In a humorous, real life experience blog post, developer Michael Nygard describes his experience taking the new MacBook Air onto a plane flight. Since the MacBook Air has no hard drive (when equipped with a solid state drive) and no CD-ROM drive, it doesn't have the same scanner reading as it passes through the TSA x-ray machine at the airport.
Apparently his new notebook caused enough of a stir that several TSA personnel had to come over to look at it, making him turn it on and run a program, before allowing the laptop through the screening line. The MacBook Air was allowed to pass, as was Michael, only to miss his flight because of the delay in the security line.
I recall a similar incident when a woman ahead of me in line placed one of those kids plastic bow and arrow sets on the baggage line for the x-ray machine. I remember looking at the lady thinking, "Are you crazy? No way they'll let that on." This was during the time you couldn't take scissors or anything resembling a sharp object on the plane.
TSA workers scurried to the x-ray line to look at the questionable bow and arrow set. After calling over three different supervisors, they determined the bow and arrow set would be ALLOWED ON THE PLANE. I was shocked to say the least.

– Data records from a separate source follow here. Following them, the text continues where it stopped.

(* Let $A$ be a commutative quasi-ring and $I$ an ideal of $A$. Then congruence modulo $I$ is compatible with the addition and the multiplication of $A$, so that the quotient $A/I$ is a quasi-ring. Moreover, if $I\neq A$, then $A/I$ is not trivial, i.e. $1\not\equiv 0 \pmod I$.
   Context: A semiring is a set with two operations $+,\cdot$ such that $(A,+)$ is a commutative monoid with neutral element $0$, $(A,\cdot)$ is a monoid with unit $1$, multiplication distributes over addition, and $0$ is absorbing. A quasi-ring is a semiring whose unit $1$ is quasi-invertible for addition (there is $y$ with $1+y+1=1$, $y+1+y=y$). An ideal of a commutative quasi-ring $A$ is a subset $I$ containing $0$, stable under addition and under multiplication by elements of $A$. Congruence modulo $I$: for $a,b\in A$, $a\equiv b \pmod I$ if and only if $(a+I)\cap(b+I)\neq\emptyset$ and, for every $c\in I$ and every $r\in A$, one has $ac+r\in I \iff bc+r\in I$. $A/I$ denotes the set of congruence classes. *)

theory Defs
  imports Main
begin
locale access_chain = prob_space M for M :: "'w measure" +
  fixes P :: "'s::finite \<Rightarrow> 's \<Rightarrow> real" and q :: "'s \<Rightarrow> 'c::finite \<Rightarrow> real"
    and X :: "nat \<Rightarrow> 'w \<Rightarrow> 's" and Ch :: "nat \<Rightarrow> 'w \<Rightarrow> 'c"
  assumes stochastic: "stochastic_matrix P"
    and q_sum: "\<And>s. (\<Sum>a\<in>UNIV. q s a) = 1" and access: "access_process M P q X Ch"
begin

lemma measurable_X [measurable]: "X n \<in> measurable M (count_space UNIV)"
  and measurable_Ch [measurable]: "Ch n \<in> measurable M (count_space UNIV)"
  using access unfolding access_process_def by auto

definition init_prob :: "'s \<Rightarrow> real" where
  "init_prob x = measure M {\<omega>\<in>space M. X 0 \<omega> = x}"

definition path_weight :: "nat \<Rightarrow> (nat \<Rightarrow> 's) \<Rightarrow> (nat \<Rightarrow> 'c) \<Rightarrow> real" where
  "path_weight n s a = (\<Prod>k<n. q (s k) (a k) * P (s k) (s (Suc k)))"

lemma measure_cylinder:
  "measure M {\<omega>\<in>space M. \<forall>k\<le>n. X k \<omega> = s k \<and> Ch k \<omega> = a k}
   = init_prob (s 0) * path_weight n s a * q (s n) (a n)"
  using access unfolding access_process_def init_prob_def path_weight_def by auto

text \<open>Marginalising the last channel, whose probabilities sum to one.\<close>
lemma measure_cylinder_states:
  "measure M {\<omega>\<in>space M. \<forall>k\<le>n. X k \<omega> = s k \<and> (k < n \<longrightarrow> Ch k \<omega> = a k)}
   = init_prob (s 0) * path_weight n s a"
proof -
  let ?A = "\<lambda>b. {\<omega>\<in>space M. \<forall>k\<le>n. X k \<omega> = s k \<and> Ch k \<omega> = (a(n:=b)) k}"
  have "{\<omega>\<in>space M. \<forall>k\<le>n. X k \<omega> = s k \<and> (k < n \<longrightarrow> Ch k \<omega> = a k)} = (\<Union>b. ?A b)"
    by (auto simp: less_le)
  then have "measure M {\<omega>\<in>space M. \<forall>k\<le>n. X k \<omega> = s k \<and> (k < n \<longrightarrow> Ch k \<omega> = a k)}
      = (\<Sum>b\<in>UNIV. measure M (?A b))"
    by (simp only:) (rule measure_finite_Union, auto simp: disjoint_family_on_def)
  also have "\<dots> = (\<Sum>b\<in>UNIV. init_prob (s 0) * path_weight n s a * q (s n) b)"
  proof (rule sum.cong[OF refl])
    fix b
    have "path_weight n s (a(n:=b)) = path_weight n s a"
      unfolding path_weight_def by (rule prod.cong) auto
    then show "measure M (?A b) = init_prob (s 0) * path_weight n s a * q (s n) b"
      by (subst measure_cylinder) simp
  qed
  also have "\<dots> = init_prob (s 0) * path_weight n s a"
    by (simp add: sum_distrib_left[symmetric] q_sum)
  finally show ?thesis .
qed

definition history :: "nat \<Rightarrow> 'w \<Rightarrow> (nat \<Rightarrow> 's) \<times> (nat \<Rightarrow> 'c)" where
  "history t \<omega> = (restrict (\<lambda>k. X k \<omega>) {..t}, restrict (\<lambda>k. Ch k \<omega>) {..<t})"

definition histories :: "nat \<Rightarrow> ((nat \<Rightarrow> 's) \<times> (nat \<Rightarrow> 'c)) set" where
  "histories t = PiE {..t} (\<lambda>_. UNIV) \<times> PiE {..<t} (\<lambda>_. UNIV)"

lemma finite_histories: "finite (histories t)"
  unfolding histories_def by (auto intro!: finite_PiE)

lemma history_in_histories: "history t \<omega> \<in> histories t"
  unfolding history_def histories_def by auto

lemma history_step_event:
  assumes "(sv, av) \<in> histories t"
  shows "{\<omega>\<in>space M. (history t \<omega>, Ch t \<omega>, X (Suc t) \<omega>) = ((sv, av), b, y)}
    = {\<omega>\<in>space M. \<forall>k\<le>Suc t. X k \<omega> = (sv(Suc t:=y)) k \<and> (k < Suc t \<longrightarrow> Ch k \<omega> = (av(t:=b)) k)}"
proof -
  have "sv \<in> extensional {..t}" "av \<in> extensional {..<t}"
    using assms unfolding histories_def by (auto simp: PiE_def)
  then show ?thesis
    unfolding history_def by (auto simp: restrict_def extensional_def fun_eq_iff le_Suc_eq less_Suc_eq)
qed

lemma measure_history_step:
  assumes "(sv, av) \<in> histories t"
  shows "measure M {\<omega>\<in>space M. (history t \<omega>, Ch t \<omega>, X (Suc t) \<omega>) = ((sv, av), b, y)}
    = init_prob (sv 0) * path_weight t sv av * (q (sv t) b * P (sv t) y)"
proof -
  have "path_weight (Suc t) (sv(Suc t:=y)) (av(t:=b)) = path_weight t sv av * (q (sv t) b * P (sv t) y)"
  proof -
    have "(\<Prod>k<t. q ((sv(Suc t:=y)) k) ((av(t:=b)) k) * P ((sv(Suc t:=y)) k) ((sv(Suc t:=y)) (Suc k)))
        = (\<Prod>k<t. q (sv k) (av k) * P (sv k) (sv (Suc k)))"
      by (rule prod.cong) auto
    then show ?thesis unfolding path_weight_def by simp
  qed
  then show ?thesis
    by (simp only: history_step_event[OF assms] measure_cylinder_states) simp
qed

text \<open>Conditionally on the history up to time t, a centred increment at time t has mean zero,
  and everything at an earlier time is a function of that history.\<close>
lemma integral_increments_orthogonal:
  assumes "u < t" and centered: "\<And>x. (\<Sum>b\<in>UNIV. \<Sum>y\<in>UNIV. q x b * P x y * \<phi> x b y) = 0"
  shows "integral\<^sup>L M (\<lambda>\<omega>. \<psi> (X u \<omega>) (Ch u \<omega>) (X (Suc u) \<omega>) * \<phi> (X t \<omega>) (Ch t \<omega>) (X (Suc t) \<omega>) :: real) = 0"
proof -
  define W where "W \<omega> = (history t \<omega>, Ch t \<omega>, X (Suc t) \<omega>)" for \<omega>
  define F where "F = (\<lambda>((sv, av), b, y). \<psi> (sv u) (av u) (sv (Suc u)) * \<phi> (sv t) b y)"
  have "integral\<^sup>L M (\<lambda>\<omega>. \<psi> (X u \<omega>) (Ch u \<omega>) (X (Suc u) \<omega>) * \<phi> (X t \<omega>) (Ch t \<omega>) (X (Suc t) \<omega>))
      = integral\<^sup>L M (\<lambda>\<omega>. F (W \<omega>))"
    using \<open>u < t\<close> by (simp add: F_def W_def history_def)
  also have "\<dots> = (\<Sum>v\<in>histories t \<times> UNIV \<times> UNIV. F v * measure M {\<omega>\<in>space M. W \<omega> = v})"
  proof (rule integral_finite_range)
    show "finite (histories t \<times> (UNIV::'c set) \<times> (UNIV::'s set))"
      using finite_histories by simp
    show "W \<omega> \<in> histories t \<times> UNIV \<times> UNIV" for \<omega>
      unfolding W_def using history_in_histories by simp
    fix v assume "v \<in> histories t \<times> (UNIV::'c set) \<times> (UNIV::'s set)"
    then obtain sv av b y where v: "v = ((sv, av), b, y)" "(sv, av) \<in> histories t" by auto
    show "{\<omega>\<in>space M. W \<omega> = v} \<in> sets M"
      unfolding v(1) W_def history_step_event[OF v(2)] by measurable
  qed
  also have "\<dots> = (\<Sum>h\<in>histories t. \<Sum>b\<in>UNIV. \<Sum>y\<in>UNIV. F (h, b, y) * measure M {\<omega>\<in>space M. W \<omega> = (h, b, y)})"
    using finite_histories by (simp add: sum.cartesian_product)
  also have "\<dots> = (\<Sum>h\<in>histories t. 0)"
  proof (rule sum.cong[OF refl])
    fix h assume h: "h \<in> histories t"
    obtain sv av where sv_av: "h = (sv, av)" by fastforce
    have "(\<Sum>b\<in>UNIV. \<Sum>y\<in>UNIV. F (h, b, y) * measure M {\<omega>\<in>space M. W \<omega> = (h, b, y)})
        = \<psi> (sv u) (av u) (sv (Suc u)) * init_prob (sv 0) * path_weight t sv av
          * (\<Sum>b\<in>UNIV. \<Sum>y\<in>UNIV. q (sv t) b * P (sv t) y * \<phi> (sv t) b y)"
      using h unfolding sv_av W_def F_def
      by (simp only: measure_history_step case_prod_conv) (simp add: sum_distrib_left mult_ac)
    also have "\<dots> = 0"
      using centered by simp
    finally show "(\<Sum>b\<in>UNIV. \<Sum>y\<in>UNIV. F (h, b, y) * measure M {\<omega>\<in>space M. W \<omega> = (h, b, y)}) = 0" .
  qed
  finally show ?thesis by simp
qed

lemma integral_increments_product_le:
  assumes centered: "\<And>x. (\<Sum>b\<in>UNIV. \<Sum>y\<in>UNIV. q x b * P x y * \<phi> x b y) = 0"
    and bounded: "\<And>x b y. \<bar>\<phi> x b y\<bar> \<le> B"
  shows "integral\<^sup>L M (\<lambda>\<omega>. \<phi> (X s \<omega>) (Ch s \<omega>) (X (Suc s) \<omega>) * \<phi> (X t \<omega>) (Ch t \<omega>) (X (Suc t) \<omega>))
    \<le> (if s = t then B^2 else 0)"
proof (cases "s = t")
  case True
  have B_nonneg: "0 \<le> B"
    using bounded by (meson abs_ge_zero order_trans)
  have "\<phi> x b y * \<phi> x b y \<le> B^2" for x b y
    using mult_mono[OF bounded bounded B_nonneg abs_ge_zero, of x b y x b y]
    by (simp add: power2_eq_square)
  then have "integral\<^sup>L M (\<lambda>\<omega>. \<phi> (X t \<omega>) (Ch t \<omega>) (X (Suc t) \<omega>) * \<phi> (X t \<omega>) (Ch t \<omega>) (X (Suc t) \<omega>))
      \<le> integral\<^sup>L M (\<lambda>\<omega>. B^2)"
    by (intro integral_mono integrable_const integrable_const_bound[where B="B^2"]) auto
  then show ?thesis
    using True by (simp add: prob_space)
next
  case False
  then consider "s < t" | "t < s" by linarith
  then show ?thesis
  proof cases
    case 1
    then show ?thesis
      using integral_increments_orthogonal[OF _ centered] False by simp
  next
    case 2
    then show ?thesis
      using integral_increments_orthogonal[OF _ centered, of t s \<phi>] False by (simp add: mult.commute)
  qed
qed

lemma integral_square_sum_increments_le:
  assumes centered: "\<And>x. (\<Sum>b\<in>UNIV. \<Sum>y\<in>UNIV. q x b * P x y * \<phi> x b y) = 0"
    and bounded: "\<And>x b y. \<bar>\<phi> x b y\<bar> \<le> B"
  shows "integral\<^sup>L M (\<lambda>\<omega>. (\<Sum>t<n. \<phi> (X t \<omega>) (Ch t \<omega>) (X (Suc t) \<omega>))^2) \<le> real n * B^2"
proof -
  define D where "D t \<omega> = \<phi> (X t \<omega>) (Ch t \<omega>) (X (Suc t) \<omega>)" for t \<omega>
  have integrable: "integrable M (\<lambda>\<omega>. D s \<omega> * D t \<omega>)" for s t
    unfolding D_def using bounded
    by (intro integrable_const_bound[where B="B*B"]) (auto simp: abs_mult intro!: mult_mono order_trans[OF abs_ge_zero bounded])
  have "integral\<^sup>L M (\<lambda>\<omega>. (\<Sum>t<n. D t \<omega>)^2) = (\<Sum>s<n. \<Sum>t<n. integral\<^sup>L M (\<lambda>\<omega>. D s \<omega> * D t \<omega>))"
    by (simp add: power2_eq_square sum_product Bochner_Integration.integral_sum
        Bochner_Integration.integrable_sum integrable)
  also have "\<dots> \<le> (\<Sum>s<n. \<Sum>t<n. (if s = t then B^2 else 0))"
    unfolding D_def by (intro sum_mono integral_increments_product_le[OF centered bounded])
  also have "\<dots> = real n * B^2"
    by simp
  finally show ?thesis
    by (simp only: D_def)
qed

When I questioned the agent how that was the case, the response was, "it only has plastic tips on the arrows, no metal." I still can't believe it to this day. Some things will never make sense.
So to hear Michael's story about the MacBook Air and the delays it caused doesn't surprise me one bit in the least. The only possible surprise is that they let his MacBook Air on the plane after proving it can run software programs.